Scan the entries for lines with the word "metis" and copy those lines.

(MATERIAL SUPPLIED begins)

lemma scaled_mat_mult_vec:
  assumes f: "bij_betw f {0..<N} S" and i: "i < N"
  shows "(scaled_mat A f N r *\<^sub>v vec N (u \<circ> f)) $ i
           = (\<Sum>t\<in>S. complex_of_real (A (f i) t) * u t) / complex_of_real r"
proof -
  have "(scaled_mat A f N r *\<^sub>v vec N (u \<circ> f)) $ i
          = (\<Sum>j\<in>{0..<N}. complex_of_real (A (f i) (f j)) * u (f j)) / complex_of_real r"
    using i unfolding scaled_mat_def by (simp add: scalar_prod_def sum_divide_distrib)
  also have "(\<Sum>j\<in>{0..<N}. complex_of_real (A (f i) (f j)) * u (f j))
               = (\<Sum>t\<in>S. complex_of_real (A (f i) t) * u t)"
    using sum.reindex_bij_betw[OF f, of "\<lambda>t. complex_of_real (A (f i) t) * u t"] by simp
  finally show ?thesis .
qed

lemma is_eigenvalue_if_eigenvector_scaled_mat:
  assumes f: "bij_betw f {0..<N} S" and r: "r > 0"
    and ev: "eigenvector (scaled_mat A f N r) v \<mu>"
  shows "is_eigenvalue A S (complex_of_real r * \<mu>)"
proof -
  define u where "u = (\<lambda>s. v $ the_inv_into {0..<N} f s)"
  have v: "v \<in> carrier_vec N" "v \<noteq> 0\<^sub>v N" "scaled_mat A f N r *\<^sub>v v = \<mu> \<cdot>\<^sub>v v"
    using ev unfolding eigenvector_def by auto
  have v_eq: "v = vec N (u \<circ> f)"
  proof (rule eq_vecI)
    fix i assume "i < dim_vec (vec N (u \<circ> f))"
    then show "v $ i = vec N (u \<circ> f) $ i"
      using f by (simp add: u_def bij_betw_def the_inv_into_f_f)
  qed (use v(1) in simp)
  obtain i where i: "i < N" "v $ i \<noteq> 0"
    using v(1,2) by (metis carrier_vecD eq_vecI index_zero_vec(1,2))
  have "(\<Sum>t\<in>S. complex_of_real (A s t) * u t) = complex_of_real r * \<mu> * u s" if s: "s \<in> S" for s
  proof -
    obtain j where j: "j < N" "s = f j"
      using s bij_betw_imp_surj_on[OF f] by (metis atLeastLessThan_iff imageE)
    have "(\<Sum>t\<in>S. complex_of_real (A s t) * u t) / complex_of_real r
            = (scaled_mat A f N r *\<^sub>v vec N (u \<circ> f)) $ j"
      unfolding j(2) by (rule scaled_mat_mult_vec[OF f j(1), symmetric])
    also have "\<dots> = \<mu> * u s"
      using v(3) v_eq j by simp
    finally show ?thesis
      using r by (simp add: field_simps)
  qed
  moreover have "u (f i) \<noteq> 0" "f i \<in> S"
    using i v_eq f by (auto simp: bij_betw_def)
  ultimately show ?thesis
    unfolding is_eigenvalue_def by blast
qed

(MATERIAL SUPPLIED ends)
(MATERIAL SUPPLIED begins)

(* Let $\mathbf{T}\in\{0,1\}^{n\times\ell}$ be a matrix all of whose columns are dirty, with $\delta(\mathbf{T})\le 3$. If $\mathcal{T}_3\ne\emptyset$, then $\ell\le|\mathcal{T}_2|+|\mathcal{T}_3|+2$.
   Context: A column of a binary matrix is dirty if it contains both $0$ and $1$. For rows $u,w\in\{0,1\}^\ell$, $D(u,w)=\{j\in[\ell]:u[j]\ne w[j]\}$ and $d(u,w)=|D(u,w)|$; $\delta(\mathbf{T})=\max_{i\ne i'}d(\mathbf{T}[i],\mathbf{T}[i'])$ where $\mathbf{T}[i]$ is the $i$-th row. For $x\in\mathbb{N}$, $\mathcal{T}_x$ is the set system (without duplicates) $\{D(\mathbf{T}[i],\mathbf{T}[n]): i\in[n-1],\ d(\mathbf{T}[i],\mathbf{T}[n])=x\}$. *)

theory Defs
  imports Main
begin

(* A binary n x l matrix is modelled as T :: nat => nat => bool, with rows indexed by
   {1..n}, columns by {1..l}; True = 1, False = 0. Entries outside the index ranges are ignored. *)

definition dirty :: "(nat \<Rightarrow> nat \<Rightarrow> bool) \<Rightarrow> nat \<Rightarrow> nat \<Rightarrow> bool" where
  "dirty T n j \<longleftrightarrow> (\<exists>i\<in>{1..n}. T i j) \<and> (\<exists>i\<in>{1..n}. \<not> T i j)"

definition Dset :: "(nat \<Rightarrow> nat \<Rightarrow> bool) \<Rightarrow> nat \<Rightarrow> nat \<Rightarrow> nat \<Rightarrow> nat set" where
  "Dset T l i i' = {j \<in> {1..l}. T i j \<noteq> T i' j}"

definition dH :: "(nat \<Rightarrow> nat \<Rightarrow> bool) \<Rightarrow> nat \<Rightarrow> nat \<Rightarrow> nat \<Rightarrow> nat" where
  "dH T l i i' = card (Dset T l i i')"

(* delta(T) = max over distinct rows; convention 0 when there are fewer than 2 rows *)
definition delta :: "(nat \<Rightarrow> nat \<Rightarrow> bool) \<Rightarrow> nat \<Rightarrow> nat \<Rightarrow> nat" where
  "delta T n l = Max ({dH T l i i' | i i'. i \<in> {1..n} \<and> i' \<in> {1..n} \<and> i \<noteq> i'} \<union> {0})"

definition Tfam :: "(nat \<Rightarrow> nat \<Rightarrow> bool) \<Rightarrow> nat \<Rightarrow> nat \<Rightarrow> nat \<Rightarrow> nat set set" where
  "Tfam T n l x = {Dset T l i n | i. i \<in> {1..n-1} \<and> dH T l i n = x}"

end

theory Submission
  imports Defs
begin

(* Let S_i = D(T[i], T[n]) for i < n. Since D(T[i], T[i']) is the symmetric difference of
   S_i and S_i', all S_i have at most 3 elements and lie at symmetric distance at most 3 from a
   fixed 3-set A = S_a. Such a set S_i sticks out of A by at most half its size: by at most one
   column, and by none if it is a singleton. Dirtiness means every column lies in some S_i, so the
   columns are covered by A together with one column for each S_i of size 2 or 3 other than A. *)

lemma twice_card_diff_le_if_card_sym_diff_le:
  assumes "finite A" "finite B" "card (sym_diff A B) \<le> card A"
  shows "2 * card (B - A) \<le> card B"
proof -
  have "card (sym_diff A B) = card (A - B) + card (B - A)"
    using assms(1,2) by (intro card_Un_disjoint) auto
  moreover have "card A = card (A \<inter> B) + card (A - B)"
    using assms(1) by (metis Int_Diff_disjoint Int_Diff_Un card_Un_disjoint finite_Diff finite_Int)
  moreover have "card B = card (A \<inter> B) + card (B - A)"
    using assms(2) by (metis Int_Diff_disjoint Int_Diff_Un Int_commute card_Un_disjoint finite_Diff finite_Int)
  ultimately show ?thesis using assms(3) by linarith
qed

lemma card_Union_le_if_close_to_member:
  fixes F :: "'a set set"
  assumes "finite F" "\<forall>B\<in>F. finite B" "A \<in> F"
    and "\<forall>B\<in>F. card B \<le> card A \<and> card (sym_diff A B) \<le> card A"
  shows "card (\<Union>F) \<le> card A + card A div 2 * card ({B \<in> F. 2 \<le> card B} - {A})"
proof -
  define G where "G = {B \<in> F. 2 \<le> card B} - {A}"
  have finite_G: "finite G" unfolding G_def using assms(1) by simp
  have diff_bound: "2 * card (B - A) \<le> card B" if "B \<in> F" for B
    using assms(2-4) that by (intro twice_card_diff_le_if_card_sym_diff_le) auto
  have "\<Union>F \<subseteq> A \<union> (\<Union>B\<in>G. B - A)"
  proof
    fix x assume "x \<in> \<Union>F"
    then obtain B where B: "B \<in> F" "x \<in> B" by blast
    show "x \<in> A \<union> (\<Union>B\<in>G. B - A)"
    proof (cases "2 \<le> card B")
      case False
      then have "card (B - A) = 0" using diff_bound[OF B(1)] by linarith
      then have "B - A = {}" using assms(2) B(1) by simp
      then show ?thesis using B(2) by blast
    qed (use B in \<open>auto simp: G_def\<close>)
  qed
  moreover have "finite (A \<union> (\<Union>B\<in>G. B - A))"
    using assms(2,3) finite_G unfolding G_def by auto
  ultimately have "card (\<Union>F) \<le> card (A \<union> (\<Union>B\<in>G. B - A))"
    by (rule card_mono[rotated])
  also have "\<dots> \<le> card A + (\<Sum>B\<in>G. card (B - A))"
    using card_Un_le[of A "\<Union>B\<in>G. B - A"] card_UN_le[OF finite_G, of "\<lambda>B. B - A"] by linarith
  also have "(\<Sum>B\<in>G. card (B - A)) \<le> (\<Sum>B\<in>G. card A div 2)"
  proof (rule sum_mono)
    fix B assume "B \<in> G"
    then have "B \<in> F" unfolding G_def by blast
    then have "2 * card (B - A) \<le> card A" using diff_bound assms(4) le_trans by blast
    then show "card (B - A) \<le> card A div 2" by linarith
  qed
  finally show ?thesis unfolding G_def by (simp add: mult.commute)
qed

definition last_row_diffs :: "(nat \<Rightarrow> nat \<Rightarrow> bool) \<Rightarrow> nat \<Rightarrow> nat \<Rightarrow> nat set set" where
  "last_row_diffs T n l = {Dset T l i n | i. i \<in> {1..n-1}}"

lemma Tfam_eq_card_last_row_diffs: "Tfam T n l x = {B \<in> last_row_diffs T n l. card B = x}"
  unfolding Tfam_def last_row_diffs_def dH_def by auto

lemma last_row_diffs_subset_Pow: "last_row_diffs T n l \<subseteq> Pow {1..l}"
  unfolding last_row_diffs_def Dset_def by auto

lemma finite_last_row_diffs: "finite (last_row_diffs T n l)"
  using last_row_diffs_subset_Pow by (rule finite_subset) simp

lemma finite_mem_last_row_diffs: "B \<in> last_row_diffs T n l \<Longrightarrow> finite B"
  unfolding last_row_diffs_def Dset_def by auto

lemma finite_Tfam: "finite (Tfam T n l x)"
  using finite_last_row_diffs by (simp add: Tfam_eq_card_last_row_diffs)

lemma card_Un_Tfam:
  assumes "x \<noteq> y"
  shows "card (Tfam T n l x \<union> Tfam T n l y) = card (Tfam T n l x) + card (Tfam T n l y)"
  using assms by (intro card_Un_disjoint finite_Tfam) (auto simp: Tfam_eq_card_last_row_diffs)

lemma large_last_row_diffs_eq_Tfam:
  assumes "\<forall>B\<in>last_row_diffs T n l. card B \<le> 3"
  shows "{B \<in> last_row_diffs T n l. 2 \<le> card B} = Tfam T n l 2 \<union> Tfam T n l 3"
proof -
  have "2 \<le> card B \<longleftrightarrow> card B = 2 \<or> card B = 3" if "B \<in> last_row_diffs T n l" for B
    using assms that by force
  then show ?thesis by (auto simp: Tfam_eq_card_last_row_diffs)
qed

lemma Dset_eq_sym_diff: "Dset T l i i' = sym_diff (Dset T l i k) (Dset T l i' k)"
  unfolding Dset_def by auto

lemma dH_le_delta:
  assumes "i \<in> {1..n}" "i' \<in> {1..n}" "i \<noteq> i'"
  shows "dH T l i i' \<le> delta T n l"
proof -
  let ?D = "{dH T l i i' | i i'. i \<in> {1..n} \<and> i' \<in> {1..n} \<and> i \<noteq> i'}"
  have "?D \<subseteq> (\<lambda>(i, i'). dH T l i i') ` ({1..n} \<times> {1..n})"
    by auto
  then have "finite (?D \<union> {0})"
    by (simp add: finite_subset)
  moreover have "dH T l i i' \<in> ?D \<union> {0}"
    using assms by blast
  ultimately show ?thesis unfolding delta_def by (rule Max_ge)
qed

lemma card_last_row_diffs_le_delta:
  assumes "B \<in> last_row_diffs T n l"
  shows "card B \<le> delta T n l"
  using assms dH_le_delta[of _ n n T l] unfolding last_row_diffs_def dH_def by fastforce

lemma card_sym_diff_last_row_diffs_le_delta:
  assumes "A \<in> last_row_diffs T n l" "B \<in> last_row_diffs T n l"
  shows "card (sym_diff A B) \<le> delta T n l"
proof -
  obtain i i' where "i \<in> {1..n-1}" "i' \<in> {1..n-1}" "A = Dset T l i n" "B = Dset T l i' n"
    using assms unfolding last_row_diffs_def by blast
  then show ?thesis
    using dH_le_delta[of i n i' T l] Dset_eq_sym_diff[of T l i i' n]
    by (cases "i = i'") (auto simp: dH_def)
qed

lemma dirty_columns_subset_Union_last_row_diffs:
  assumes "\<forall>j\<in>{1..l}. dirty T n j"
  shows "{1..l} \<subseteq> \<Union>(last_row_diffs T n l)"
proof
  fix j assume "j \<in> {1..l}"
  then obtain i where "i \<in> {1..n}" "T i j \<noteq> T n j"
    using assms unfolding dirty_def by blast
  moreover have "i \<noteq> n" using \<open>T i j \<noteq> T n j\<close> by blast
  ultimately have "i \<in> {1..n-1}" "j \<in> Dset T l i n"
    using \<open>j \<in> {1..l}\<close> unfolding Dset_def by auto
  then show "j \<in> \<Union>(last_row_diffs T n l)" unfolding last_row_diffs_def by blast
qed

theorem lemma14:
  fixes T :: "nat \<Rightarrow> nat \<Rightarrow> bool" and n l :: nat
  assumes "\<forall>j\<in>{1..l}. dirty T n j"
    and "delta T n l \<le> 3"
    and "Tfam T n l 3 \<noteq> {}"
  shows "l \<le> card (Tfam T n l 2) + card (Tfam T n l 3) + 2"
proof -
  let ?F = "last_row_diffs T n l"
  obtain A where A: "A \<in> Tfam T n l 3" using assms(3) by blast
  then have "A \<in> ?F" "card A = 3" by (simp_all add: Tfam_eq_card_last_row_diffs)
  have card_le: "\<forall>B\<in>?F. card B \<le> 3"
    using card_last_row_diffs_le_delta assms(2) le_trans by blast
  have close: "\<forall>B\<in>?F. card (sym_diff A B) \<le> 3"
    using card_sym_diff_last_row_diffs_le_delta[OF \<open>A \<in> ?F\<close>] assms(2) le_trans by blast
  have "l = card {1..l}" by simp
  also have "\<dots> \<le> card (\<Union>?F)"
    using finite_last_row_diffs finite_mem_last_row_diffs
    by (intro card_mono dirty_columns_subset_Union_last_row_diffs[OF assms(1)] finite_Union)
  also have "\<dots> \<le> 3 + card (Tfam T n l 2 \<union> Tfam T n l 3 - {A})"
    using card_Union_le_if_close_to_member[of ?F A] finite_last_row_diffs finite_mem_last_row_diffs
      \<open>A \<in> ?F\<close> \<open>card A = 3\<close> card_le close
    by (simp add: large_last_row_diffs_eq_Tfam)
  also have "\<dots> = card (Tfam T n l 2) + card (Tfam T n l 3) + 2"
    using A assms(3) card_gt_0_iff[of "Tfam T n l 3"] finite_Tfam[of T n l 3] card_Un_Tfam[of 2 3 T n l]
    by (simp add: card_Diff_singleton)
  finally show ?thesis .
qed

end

(MATERIAL SUPPLIED ends)

# SOLUTION BELOW
    using v(1,2) by (metis carrier_vecD eq_vecI index_zero_vec(1,2))
      using s bij_betw_imp_surj_on[OF f] by (metis atLeastLessThan_iff imageE)
    using assms(1) by (metis Int_Diff_disjoint Int_Diff_Un card_Un_disjoint finite_Diff finite_Int)
    using assms(2) by (metis Int_Diff_disjoint Int_Diff_Un Int_commute card_Un_disjoint finite_Diff finite_Int)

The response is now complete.